definition binary_phylo_tree :: "'a set \<Rightarrow> 'v set \<Rightarrow> 'v set set \<Rightarrow> ('a \<Rightarrow> 'v) \<Rightarrow> bool" where
  "binary_phylo_tree X V E \<phi> \<longleftrightarrow> is_tree V E \<and>
     bij_betw \<phi> X {v \<in> V. degree E v = 1} \<and>
     (\<forall>v\<in>V. degree E v = 1 \<or> degree E v = 3)"

definition interior :: "'v set \<Rightarrow> 'v set set \<Rightarrow> 'v set" where
  "interior V E = {v \<in> V. degree E v \<noteq> 1}"

definition supports ::
  "'a set set \<Rightarrow> 'v set \<Rightarrow> 'v set set \<Rightarrow> ('a \<Rightarrow> 'v) \<Rightarrow> 'a \<Rightarrow> 'a \<Rightarrow> 'a \<Rightarrow> 'v \<Rightarrow> bool" where
  "supports \<T> V E \<phi> a b c v \<longleftrightarrow>
     \<not> connected_in E (V - {v}) (\<phi> a) (\<phi> b) \<and>
     \<not> connected_in E (V - {v}) (\<phi> a) (\<phi> c) \<and>
     \<not> connected_in E (V - {v}) (\<phi> b) (\<phi> c) \<and>
     {a, b} \<in> \<T> \<and> {a, c} \<in> \<T> \<and> {b, c} \<in> \<T>"

definition triplet_cover ::
  "'a set \<Rightarrow> 'a set set \<Rightarrow> 'v set \<Rightarrow> 'v set set \<Rightarrow> ('a \<Rightarrow> 'v) \<Rightarrow> bool" where
  "triplet_cover X \<T> V E \<phi> \<longleftrightarrow>
     \<T> \<subseteq> {p. p \<subseteq> X \<and> card p = 2} \<and>
     (\<forall>v\<in>interior V E. \<exists>a b c. supports \<T> V E \<phi> a b c v)"

definition minimal_triplet_cover ::
  "'a set \<Rightarrow> 'a set set \<Rightarrow> 'v set \<Rightarrow> 'v set set \<Rightarrow> ('a \<Rightarrow> 'v) \<Rightarrow> bool" where
  "minimal_triplet_cover X \<T> V E \<phi> \<longleftrightarrow>
     triplet_cover X \<T> V E \<phi> \<and>
     (\<forall>p\<in>\<T>. \<not> triplet_cover X (\<T> - {p}) V E \<phi>)"

end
###
Work required — Return exactly, and only, the lines above starting at the line that contains "('a \<Rightarrow> 'v) \<Rightarrow> 'a" and ending at the line that contains "c v \<longleftrightarrow>".

Answer to this task —
  "'a set set \<Rightarrow> 'v set \<Rightarrow> 'v set set \<Rightarrow> ('a \<Rightarrow> 'v) \<Rightarrow> 'a \<Rightarrow> 'a \<Rightarrow> 'a \<Rightarrow> 'v \<Rightarrow> bool" where
  "supports \<T> V E \<phi> a b c v \<longleftrightarrow>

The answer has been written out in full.